La metodologia dello studio si è basata su una domanda diretta posta ai partecipanti: "A causa di una condizione fisica, mentale o emotiva, ha serie difficoltà a concentrarsi, ricordare o prendere decisioni?". Chi rispondeva affermativamente veniva classificato come affetto da disabilità cognitiva. I ricercatori hanno escluso dall'analisi le risposte di persone che riferivano depressione e hanno omesso i dati del 2020 per l'impatto anomalo della pandemia da COVID-19.

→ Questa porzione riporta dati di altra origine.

lemma rotation_invariant_matching_not_pareto_optimal:
  assumes "2 \<le> n" and "\<mu> \<in> gen_matchings n" and "\<And>z. \<mu> (rotate n z) = rotate n (\<mu> z)"
  shows "\<not> pareto_optimal n (cyclic_profile n) \<mu>"
proof (rule not_pareto_optimal_if_dominated[OF neighbour_matching_in_gen_matchings])
  show "agents n \<noteq> {}"
    using assms(1) agents_iff[of 1 n] by auto
  fix z assume z: "z \<in> agents n"
  have "rank n z (neighbour_matching n z) < rank n z (\<mu> z)"
    using rank_neighbour_matching[OF assms(1) z] rank_rotation_invariant_matching[OF _ assms(2,3) z]
      assms(1)
    by fastforce
  moreover have "neighbour_matching n z \<in> candidates n z"
    using z neighbour_matching_in_gen_matchings by (rule matching_in_candidates[rotated])
  ultimately show "strictly_pref (cyclic_profile n z) (neighbour_matching n z) (\<mu> z)"
    using z matching_in_candidates[OF assms(2) z]
    by (auto simp: strictly_pref_def cyclic_profile_def key_order_def)
qed

theorem theorem9:
  fixes n :: nat
  assumes "n \<ge> 2"
  shows "\<not> (\<exists>F. gen_mechanism n F \<and> resolute n F \<and> symmetric n F \<and> pareto_optimal_mech n F)"
proof
  assume "\<exists>F. gen_mechanism n F \<and> resolute n F \<and> symmetric n F \<and> pareto_optimal_mech n F"
  then obtain F where "gen_mechanism n F" "resolute n F" "symmetric n F" "pareto_optimal_mech n F"
    by blast
  have "1 \<le> n"
    using assms by simp
  obtain \<mu> where outcome: "F (cyclic_profile n) = {\<mu>}" and "matching_perm \<mu> (rotate n) = \<mu>"
    using resolute_symmetric_fixed_outcome[OF \<open>resolute n F\<close> \<open>symmetric n F\<close>
        cyclic_profile_in_gen_profiles rotate_in_Gstar[OF \<open>1 \<le> n\<close>]
        cyclic_profile_rotate[OF \<open>1 \<le> n\<close>]] .
  then have "\<forall>z. \<mu> (rotate n z) = rotate n (\<mu> z)"
    using matching_perm_eq_self_iff[OF bij_rotate[OF \<open>1 \<le> n\<close>]] by blast
  moreover have "\<mu> \<in> gen_matchings n" and "pareto_optimal n (cyclic_profile n) \<mu>"
    using \<open>gen_mechanism n F\<close> \<open>pareto_optimal_mech n F\<close> cyclic_profile_in_gen_profiles[of n] outcome
    by (auto simp: gen_mechanism_def pareto_optimal_mech_def)
  ultimately show False
    using rotation_invariant_matching_not_pareto_optimal[OF assms] by blast
qed

end
theorem lemma6p1:
  fixes \<alpha> :: real and N :: nat and \<mu> \<nu> :: "(nat \<Rightarrow> real) measure"
  assumes "\<alpha> > 0" and "N \<ge> 2"
    and "prob_on_Omega N \<mu>" and "prob_on_Omega N \<nu>"
    and "\<mu> \<in> S_set N \<alpha>"
    and "stoch_dom N \<mu> \<nu>"
  shows "tv_dist \<mu> (pi_k N \<alpha> N) \<le> tv_dist \<nu> (pi_k N \<alpha> N)"
proof -
  let ?\<pi> = "pi_k N \<alpha> N"
  interpret \<mu>: prob_space \<mu> using assms(3) by (simp add: prob_on_Omega_def)
  interpret \<nu>: prob_space \<nu> using assms(4) by (simp add: prob_on_Omega_def)
  interpret \<pi>: subprob_space ?\<pi> by (rule subprob_space_pi_k_N)
  have sets: "sets \<mu> = sets (OmegaM N)" "sets \<nu> = sets (OmegaM N)"
    using assms(3,4) by (simp_all add: prob_on_Omega_def)
  have space_\<pi>: "space ?\<pi> = space (OmegaM N)"
    by (rule sets_eq_imp_space_eq) simp
  obtain g where g: "g \<in> borel_measurable (OmegaM N)" "increasing_on N (Omega N) g"
    and density: "\<And>C. C \<in> sets (OmegaM N) \<Longrightarrow> C \<inter> Omega_k N (N - 1) = {} \<Longrightarrow>
      emeasure \<mu> C = (\<integral>\<^sup>+x. ennreal (g x) * indicator C x \<partial>?\<pi>)"
    using S_set_density_off_Omega_k[OF assms(2,5)] by blast
  define A where "A = Omega_k N (N - 1) \<union> {x \<in> space (OmegaM N). 1 \<le> g x}"
  have "tv_dist \<mu> ?\<pi> = measure \<mu> A - measure ?\<pi> A"
    unfolding A_def space_\<pi>[symmetric]
    using sets g(1) density null_sets_pi_k_N_Omega_k[OF assms(2)]
      \<mu>.emeasure_space_1 \<pi>.subprob_emeasure_le_1
    by (intro tv_dist_eq_density_superlevel \<mu>.finite_measure_axioms \<pi>.finite_measure_axioms)
       (simp_all add: measurable_cong_sets[OF sets_pi_k refl])
  also have "\<dots> \<le> measure \<nu> A - measure ?\<pi> A"
    using assms(2) g(1,2) unfolding A_def
    by (intro diff_right_mono stoch_dom_measure_le[OF assms(6) sets]
        increasing_on_indicator_Omega_k_Un_superlevel) auto
  also have "\<dots> \<le> tv_dist \<nu> ?\<pi>"
    using sets g(1) unfolding A_def
    by (intro measure_diff_le_tv_dist \<nu>.finite_measure_axioms \<pi>.finite_measure_axioms) simp
  finally show ?thesis .
qed

end
definition is_path :: "nat \<Rightarrow> nat \<Rightarrow> (nat \<Rightarrow> nat set) \<Rightarrow> nat \<Rightarrow> nat \<Rightarrow> nat \<Rightarrow> nat list \<Rightarrow> nat list \<Rightarrow> bool" where
  "is_path n m e k i j us fs \<longleftrightarrow> is_walk n m e k us fs \<and> us ! 0 = i \<and> us ! k = j \<and> distinct us"

definition is_cycle :: "nat \<Rightarrow> nat \<Rightarrow> (nat \<Rightarrow> nat set) \<Rightarrow> nat \<Rightarrow> nat \<Rightarrow> nat list \<Rightarrow> nat list \<Rightarrow> bool" where
  "is_cycle n m e k i us fs \<longleftrightarrow> is_walk n m e k us fs \<and> us ! 0 = i \<and> us ! k = i \<and> distinct (take k us)"

definition path_count :: "nat \<Rightarrow> nat \<Rightarrow> (nat \<Rightarrow> nat set) \<Rightarrow> nat \<Rightarrow> nat \<Rightarrow> nat \<Rightarrow> nat set \<Rightarrow> nat set \<Rightarrow> nat" where
  "path_count n m e k i j I J = card {(us, fs). is_path n m e k i j us fs \<and> set us = I \<and> set fs = J}"

definition cycle_count :: "nat \<Rightarrow> nat \<Rightarrow> (nat \<Rightarrow> nat set) \<Rightarrow> nat \<Rightarrow> nat \<Rightarrow> nat set \<Rightarrow> nat set \<Rightarrow> nat" where
  "cycle_count n m e k i I J = card {(us, fs). is_cycle n m e k i us fs \<and> set (take k us) = I \<and> set fs = J}"

end

theory Submission
  imports Defs
begin

text \<open>Entry (i, j) of Omega^k is the sum, over all walks
u_0 = v_i, f_1, u_1, ..., f_k, u_k = v_j, of zeta_{u_1} ... zeta_{u_k} eps_{f_1} ... eps_{f_k}.
Since the zeon generators square to zero and the idempotent ones are absorbed, a walk
contributes exactly when u_1, ..., u_k are distinct, and it then contributes the basis element
indexed by these vertices and by its set of hyperedges.  So the coefficients of Omega^k count
these tail-distinct walks, which is proved by induction on k, splitting off the last step.
Multiplying by zeta_i discards the walks returning to v_i and adds i to the vertex set, which
leaves the paths.  For i = j the tail-distinct walks are exactly the cycles, because the tail
of a closed walk is a rotation of its first k vertices.\<close>

lemma zsum_zbasis_coeff:
  assumes "finite A"
  shows "zsum (\<lambda>(I, J). zscal (c I J) (zbasis I J)) A I0 J0 = (if (I0, J0) \<in> A then c I0 J0 else 0)"
proof -
  have "(case x of (I, J) \<Rightarrow> zscal (c I J) (zbasis I J)) I0 J0 = (if (I0, J0) = x then c I0 J0 else 0)"
    for x
    by (cases x) (auto simp: zscal_def zbasis_def)
  then show ?thesis
    using assms by (simp add: zsum_def)
qed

De Havenon riconosce che lo studio presenta alcune limitazioni intrinseche. Si tratta infatti di dati autoriferiti raccolti tramite interviste telefoniche, il che significa che i partecipanti potrebbero non aver ricordato tutti i dettagli con precisione. Inoltre, la definizione ampia utilizzata per la disabilità cognitiva potrebbe catturare una gamma di esperienze piuttosto che una specifica diagnosi clinica. Nonostante queste riserve metodologiche, il neurologo insiste sul fatto che l'incremento è reale e particolarmente pronunciato tra gli under 40.
Secondo il ricercatore, sono necessari approfondimenti per comprendere cosa stia guidando questo aumento massiccio tra i giovani adulti, considerando le potenziali implicazioni a lungo termine per la salute, la produttività della forza lavoro e i sistemi sanitari. L'incremento potrebbe riflettere cambiamenti effettivi nella salute cerebrale, una maggiore consapevolezza e disponibilità a segnalare problemi, oppure altri fattori sanitari e sociali. La questione rimane aperta e richiede un'analisi più approfondita delle cause sociali ed economiche che potrebbero alimentare questa tendenza preoccupante.
Sebbene l'indagine non abbia misurato direttamente il deterioramento cognitivo clinico, l'aumento delle difficoltà autoriferite tra i giovani adulti indica chiaramente un problema emergente di salute pubblica. La necessità di comprendere e affrontare i fattori sottostanti diventa urgente, soprattutto alla luce delle disuguaglianze evidenti che caratterizzano la distribuzione di questi problemi nella popolazione americana. Le sfide cognitive non colpiscono in modo uniforme, ma seguono le linee di frattura economiche, educative ed etniche della società statunitense.